AIM OF THE EXERCISE »
Do any lines in the data below contain "shows"? If so, copy every one of them.

WORKING DATA »
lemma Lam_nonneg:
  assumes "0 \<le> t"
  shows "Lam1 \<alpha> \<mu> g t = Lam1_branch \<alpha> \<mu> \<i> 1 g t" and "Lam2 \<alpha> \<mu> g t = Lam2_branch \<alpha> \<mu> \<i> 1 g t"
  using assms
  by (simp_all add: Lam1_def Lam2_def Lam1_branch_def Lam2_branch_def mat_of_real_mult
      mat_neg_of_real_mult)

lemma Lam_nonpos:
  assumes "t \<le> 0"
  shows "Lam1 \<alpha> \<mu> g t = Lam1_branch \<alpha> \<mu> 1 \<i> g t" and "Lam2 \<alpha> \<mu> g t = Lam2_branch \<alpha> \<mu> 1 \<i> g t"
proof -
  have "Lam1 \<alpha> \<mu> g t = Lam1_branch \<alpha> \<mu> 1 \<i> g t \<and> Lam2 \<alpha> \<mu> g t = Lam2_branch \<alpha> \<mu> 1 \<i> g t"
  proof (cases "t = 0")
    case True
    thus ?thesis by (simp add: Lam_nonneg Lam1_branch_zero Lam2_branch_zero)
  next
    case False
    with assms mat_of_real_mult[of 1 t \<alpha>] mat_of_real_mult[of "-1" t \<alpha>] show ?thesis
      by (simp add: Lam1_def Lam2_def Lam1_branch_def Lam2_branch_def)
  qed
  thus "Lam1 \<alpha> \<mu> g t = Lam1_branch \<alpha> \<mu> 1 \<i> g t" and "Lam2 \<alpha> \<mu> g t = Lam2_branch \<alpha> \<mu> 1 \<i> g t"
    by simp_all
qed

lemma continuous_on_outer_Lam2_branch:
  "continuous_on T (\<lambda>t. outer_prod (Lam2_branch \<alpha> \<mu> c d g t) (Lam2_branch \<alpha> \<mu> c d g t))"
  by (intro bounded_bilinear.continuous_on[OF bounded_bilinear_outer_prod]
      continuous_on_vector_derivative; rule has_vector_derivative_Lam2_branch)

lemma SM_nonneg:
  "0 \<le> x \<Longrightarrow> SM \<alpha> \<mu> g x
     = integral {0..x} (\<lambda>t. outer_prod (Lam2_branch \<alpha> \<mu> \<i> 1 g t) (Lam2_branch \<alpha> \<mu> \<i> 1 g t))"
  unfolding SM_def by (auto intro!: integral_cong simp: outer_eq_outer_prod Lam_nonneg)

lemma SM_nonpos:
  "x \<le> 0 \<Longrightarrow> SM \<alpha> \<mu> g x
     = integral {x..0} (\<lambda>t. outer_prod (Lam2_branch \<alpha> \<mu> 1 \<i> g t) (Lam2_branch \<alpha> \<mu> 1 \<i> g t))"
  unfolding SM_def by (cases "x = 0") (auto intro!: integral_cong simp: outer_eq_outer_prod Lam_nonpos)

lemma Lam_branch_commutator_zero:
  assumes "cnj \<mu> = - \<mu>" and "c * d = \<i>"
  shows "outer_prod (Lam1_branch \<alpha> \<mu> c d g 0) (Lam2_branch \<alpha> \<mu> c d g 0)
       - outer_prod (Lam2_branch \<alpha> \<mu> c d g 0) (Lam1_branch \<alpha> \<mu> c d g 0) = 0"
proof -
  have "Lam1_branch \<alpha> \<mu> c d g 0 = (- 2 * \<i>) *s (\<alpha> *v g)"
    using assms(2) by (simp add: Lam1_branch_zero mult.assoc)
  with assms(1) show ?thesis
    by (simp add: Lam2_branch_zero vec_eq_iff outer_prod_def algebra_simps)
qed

RESULT FOR THIS EXERCISE »
  shows "Lam1 \<alpha> \<mu> g t = Lam1_branch \<alpha> \<mu> \<i> 1 g t" and "Lam2 \<alpha> \<mu> g t = Lam2_branch \<alpha> \<mu> \<i> 1 g t"
  shows "Lam1 \<alpha> \<mu> g t = Lam1_branch \<alpha> \<mu> 1 \<i> g t" and "Lam2 \<alpha> \<mu> g t = Lam2_branch \<alpha> \<mu> 1 \<i> g t"
  shows "outer_prod (Lam1_branch \<alpha> \<mu> c d g 0) (Lam2_branch \<alpha> \<mu> c d g 0)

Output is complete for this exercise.